The stretch wanted below opens at the line containing "(resp. \<open>k k" and closes at the line containing "d \<le> m \<and>". Please return it exactly, with no other lines.
== Exercise material
(* For every integer $m\ge 1$ a generalised golden ratio $\mathcal{G}(m)$ exists, and $$\mathcal{G}(m)=\begin{cases} k+1 & \text{if } m=2k,\\[2pt] \dfrac{k+1+\sqrt{k^{2}+6k+5}}{2} & \text{if } m=2k+1,\end{cases}$$ where $k$ is a nonnegative integer.
   Context: Let $m\in\mathbb{N}$ and $\beta\in(1,m+1]$. For $x\in[0,\frac{m}{\beta-1}]$ let $\Sigma_{\beta,m}(x)=\{(\epsilon_i)_{i=1}^\infty\in\{0,\ldots,m\}^{\mathbb{N}}:\sum_{i=1}^\infty \epsilon_i\beta^{-i}=x\}$ be the set of $\beta$-expansions of $x$. A real number $\mathcal{G}(m)$ is called a generalised golden ratio for $m$ if (i) for every $\beta\in(1,\mathcal{G}(m))$ the set $\Sigma_{\beta,m}(x)$ is uncountable for every $x\in(0,\frac{m}{\beta-1})$, and (ii) for every $\beta\in(\mathcal{G}(m),m+1]$ there exists $x\in(0,\frac{m}{\beta-1})$ with $|\Sigma_{\beta,m}(x)|=1$. *)

theory Defs
  imports "HOL-Analysis.Analysis"
begin

text \<open>We index sequences from 0, so eps i is the (i+1)-th digit, weighted by beta^(-(i+1)).\<close>
definition expansions :: "real \<Rightarrow> nat \<Rightarrow> real \<Rightarrow> (nat \<Rightarrow> nat) set" where
  "expansions \<beta> m x = {\<epsilon>. (\<forall>i. \<epsilon> i \<le> m) \<and> (\<lambda>i. real (\<epsilon> i) / \<beta> ^ (i + 1)) sums x}"

definition gen_golden_ratio :: "nat \<Rightarrow> real \<Rightarrow> bool" where
  "gen_golden_ratio m G \<longleftrightarrow>
     (\<forall>\<beta>. 1 < \<beta> \<and> \<beta> < G \<and> \<beta> \<le> real m + 1 \<longrightarrow>
        (\<forall>x. 0 < x \<and> x < real m / (\<beta> - 1) \<longrightarrow> uncountable (expansions \<beta> m x))) \<and>
     (\<forall>\<beta>. G < \<beta> \<and> \<beta> \<le> real m + 1 \<longrightarrow>
        (\<exists>x. 0 < x \<and> x < real m / (\<beta> - 1) \<and> card (expansions \<beta> m x) = 1))"

end

theory Submission
  imports Defs
begin

text \<open>Write \<open>L = m/(\<beta>-1)\<close> and \<open>T\<^sub>d y = \<beta> y - d\<close>. A digit sequence is an expansion of \<open>x\<close> iff
  applying the maps \<open>T\<^sub>d\<close> for its successive digits to \<open>x\<close> never leaves \<open>[0, L]\<close>.
  Below the generalised golden ratio every point of \<open>(0, L)\<close> is led by admissible maps into an
  overlap region \<open>d + 1 < \<beta> y < d + L\<close>, where both digits \<open>d\<close> and \<open>d + 1\<close> keep the orbit
  inside \<open>(0, L)\<close>. So every finite piece of an orbit can be continued in two different ways,
  and diagonalising against an enumeration of the expansions produces a missing one.
  Above the generalised golden ratio the periodic sequence \<open>(k+1) k (k+1) k \<dots>\<close>
  (resp. \<open>k k k \<dots>\<close> for \<open>m = 2k\<close>) is the only expansion of its value: each of its tails has
  a value in \<open>(L - 1, 1)\<close>, so changing the first digit where another sequence deviates would
  leave \<open>[0, L]\<close>.\<close>

fun digit_path :: "real \<Rightarrow> nat \<Rightarrow> real \<Rightarrow> nat list \<Rightarrow> real \<Rightarrow> bool" where
  "digit_path \<beta> m y [] z \<longleftrightarrow> z = y"
| "digit_path \<beta> m y (d # w) z \<longleftrightarrow>
     d \<le> m \<and> 0 \<le> \<beta> * y - d \<and> \<beta> * y - d \<le> real m / (\<beta> - 1) \<and> digit_path \<beta> m (\<beta> * y - d) w z"

lemma digit_path_append:
  "digit_path \<beta> m y (u @ v) z \<longleftrightarrow> (\<exists>t. digit_path \<beta> m y u t \<and> digit_path \<beta> m t v z)"
  by (induction u arbitrary: y) auto

lemma digit_path_digit_le: "digit_path \<beta> m y w z \<Longrightarrow> d \<in> set w \<Longrightarrow> d \<le> m"
  by (induction w arbitrary: y) auto

lemma digit_path_bounds:
  "digit_path \<beta> m y w z \<Longrightarrow> 0 \<le> y \<Longrightarrow> y \<le> real m / (\<beta> - 1) \<Longrightarrow> 0 \<le> z \<and> z \<le> real m / (\<beta> - 1)"
  by (induction w arbitrary: y) auto
lemma norm_integral_mult_convolution_le:
  fixes K :: "real \<Rightarrow> real"
  assumes g: "integrable lborel g" "g \<in> L2R"
    and K: "\<And>s. 0 \<le> K s" "\<And>s. K s \<le> B" "integrable lborel K"
  shows "norm (LINT x|lborel. cnj (LINT y|lborel. of_real (K (y - x)) * g y) * g x) \<le>
    (LINT s|lborel. K s) * (LINT x|lborel. (cmod (g x))\<^sup>2)"
proof -
  have [measurable]: "g \<in> borel_measurable lborel" "K \<in> borel_measurable lborel"
    using g(1) K(3) by (auto intro: borel_measurable_integrable)
  define C where "C x = (LINT y|lborel. of_real (K (y - x)) * g y)" for x
  define P where "P x = (LINT y|lborel. norm (g y) * K (y - x))" for x
  have [measurable]: "C \<in> borel_measurable lborel"
    unfolding C_def by measurable
  have C_le: "norm (C x) \<le> P x" for x
  proof -
    have "norm (C x) \<le> (LINT y|lborel. norm (of_real (K (y - x)) * g y))"
      unfolding C_def by (rule integral_norm_bound)
    then show ?thesis
      using K(1) by (simp add: P_def norm_mult mult.commute)
  qed
  have squares: "integrable lborel (\<lambda>x. (norm (g x))\<^sup>2)"
    using g(2) by (simp add: L2R_def)
  note convolution = integral_mult_convolution_le[of "\<lambda>x. norm (g x)", OF _ _ integrable_norm[OF g(1)] squares K]
  have "norm (LINT x|lborel. cnj (C x) * g x) \<le> (LINT x|lborel. norm (cnj (C x) * g x))"
    by (rule integral_norm_bound)
  also have "\<dots> \<le> (LINT x|lborel. norm (g x) * P x)"
  proof (rule integral_mono)
    show "integrable lborel (\<lambda>x. norm (g x) * P x)"
      using convolution(1) by (simp add: P_def)
    show "norm (cnj (C x) * g x) \<le> norm (g x) * P x" for x
      using mult_right_mono[OF C_le norm_ge_zero, of x "g x"] by (simp add: norm_mult mult.commute)
    then show "integrable lborel (\<lambda>x. norm (cnj (C x) * g x))"
      by (intro Bochner_Integration.integrable_bound[OF \<open>integrable lborel (\<lambda>x. norm (g x) * P x)\<close>])
        (auto intro!: AE_I2 intro: order_trans[OF _ abs_ge_self])
  qed
  also have "\<dots> \<le> (LINT s|lborel. K s) * (LINT x|lborel. (cmod (g x))\<^sup>2)"
    using convolution(2) by (simp add: P_def)
  finally show ?thesis
    by (simp add: C_def)
qed

lemma damped_fourier_square_le:
  assumes g: "integrable lborel g" "g \<in> L2R" and "\<alpha> \<noteq> 0" and "\<epsilon> > 0"
  shows "(LINT t|lborel. exp (- \<epsilon> * t\<^sup>2) * (cmod (fourier_integral \<alpha> g t))\<^sup>2) \<le>
    2 * pi / \<bar>\<alpha>\<bar> * (LINT x|lborel. (cmod (g x))\<^sup>2)"
proof -
  have kernel: "integrable lborel (damping_kernel \<alpha> \<epsilon>)"
    "(LINT s|lborel. damping_kernel \<alpha> \<epsilon> s) = 2 * pi / \<bar>\<alpha>\<bar>"
    using has_bochner_integral_damping_kernel[OF \<open>\<alpha> \<noteq> 0\<close> \<open>\<epsilon> > 0\<close>]
    by (auto simp: has_bochner_integral_iff)
  have "(LINT t|lborel. exp (- \<epsilon> * t\<^sup>2) * (cmod (fourier_integral \<alpha> g t))\<^sup>2) =
      norm (of_real (LINT t|lborel. exp (- \<epsilon> * t\<^sup>2) * (cmod (fourier_integral \<alpha> g t))\<^sup>2) :: complex)"
    by (simp add: integral_nonneg_AE)
  also have "\<dots> = norm (LINT x|lborel. cnj (LINT y|lborel. of_real (damping_kernel \<alpha> \<epsilon> (y - x)) * g y) * g x)"
    unfolding damped_fourier_square_eq(2)[OF g(1) \<open>\<epsilon> > 0\<close>] ..
  also have "\<dots> \<le> 2 * pi / \<bar>\<alpha>\<bar> * (LINT x|lborel. (cmod (g x))\<^sup>2)"
    using norm_integral_mult_convolution_le[OF g damping_kernel_nonneg damping_kernel_le kernel(1)]
      \<open>\<epsilon> > 0\<close> by (simp add: kernel(2))
  finally show ?thesis .
qed

text \<open>The Bochner integral in \<^const>\<open>fourier_L2\<close> is \<open>0\<close> for non-integrable integrands, so its
  convergence hypothesis only has content once the truncated transforms are known to be
  square integrable.\<close>

lemma fourier_integral_L2R:
  assumes g: "integrable lborel g" "g \<in> L2R" and "\<alpha> \<noteq> 0"
  shows "fourier_integral \<alpha> g \<in> L2R"
proof -
  define h where "h = fourier_integral \<alpha> g"
  have [measurable]: "h \<in> borel_measurable lborel"
    unfolding h_def using g(1) by (rule borel_measurable_fourier_integral)
  define f where "f n t = exp (- (1 / real (Suc n)) * t\<^sup>2) * (cmod (h t))\<^sup>2" for n t
  have f_integrable: "integrable lborel (f n)" for n
    unfolding f_def h_def by (rule damped_fourier_square_eq(1)[OF g(1)]) simp
  have f_mono: "f n t \<le> f m t" if "n \<le> m" for n m t
  proof -
    have "1 / real (Suc m) \<le> 1 / real (Suc n)"
      using that by (simp add: frac_le)
    then have "- (1 / real (Suc n)) * t\<^sup>2 \<le> - (1 / real (Suc m)) * t\<^sup>2"
      by (intro mult_right_mono) auto
    then show ?thesis
      unfolding f_def by (intro mult_right_mono) auto
  qed
  have "integrable lborel (\<lambda>t. (cmod (h t))\<^sup>2)"
  proof (rule integrable_monotone_convergence[where f = f])
    show "AE t in lborel. mono (\<lambda>n. f n t)"
      by (auto simp: mono_def f_mono)
    have "(\<lambda>n. 1 / real (Suc n)) \<longlonglongrightarrow> 0"
      by (rule LIMSEQ_Suc[OF lim_1_over_n])
    then have "(\<lambda>n. f n t) \<longlonglongrightarrow> exp (- 0 * t\<^sup>2) * (cmod (h t))\<^sup>2" for t
      unfolding f_def by (intro tendsto_intros)
    then show "AE t in lborel. (\<lambda>n. f n t) \<longlonglongrightarrow> (cmod (h t))\<^sup>2"
      by simp
    have "incseq (\<lambda>n. integral\<^sup>L lborel (f n))"
      by (intro monoI integral_mono f_integrable f_mono)
    moreover have "integral\<^sup>L lborel (f n) \<le> 2 * pi / \<bar>\<alpha>\<bar> * (LINT x|lborel. (cmod (g x))\<^sup>2)" for n
      unfolding f_def h_def by (rule damped_fourier_square_le[OF g \<open>\<alpha> \<noteq> 0\<close>]) simp
    ultimately show "(\<lambda>n. integral\<^sup>L lborel (f n)) \<longlonglongrightarrow> (SUP n. integral\<^sup>L lborel (f n))"
      by (intro LIMSEQ_incseq_SUP bdd_aboveI) auto
  qed (use f_integrable in auto)
  with \<open>h \<in> borel_measurable lborel\<close> show ?thesis
    unfolding L2R_def h_def by simp
qed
====
• [Task response]
  (resp. \<open>k k k \<dots>\<close> for \<open>m = 2k\<close>) is the only expansion of its value: each of its tails has
  a value in \<open>(L - 1, 1)\<close>, so changing the first digit where another sequence deviates would
  leave \<open>[0, L]\<close>.\<close>

fun digit_path :: "real \<Rightarrow> nat \<Rightarrow> real \<Rightarrow> nat list \<Rightarrow> real \<Rightarrow> bool" where
  "digit_path \<beta> m y [] z \<longleftrightarrow> z = y"
| "digit_path \<beta> m y (d # w) z \<longleftrightarrow>
     d \<le> m \<and> 0 \<le> \<beta> * y - d \<and> \<beta> * y - d \<le> real m / (\<beta> - 1) \<and> digit_path \<beta> m (\<beta> * y - d) w z"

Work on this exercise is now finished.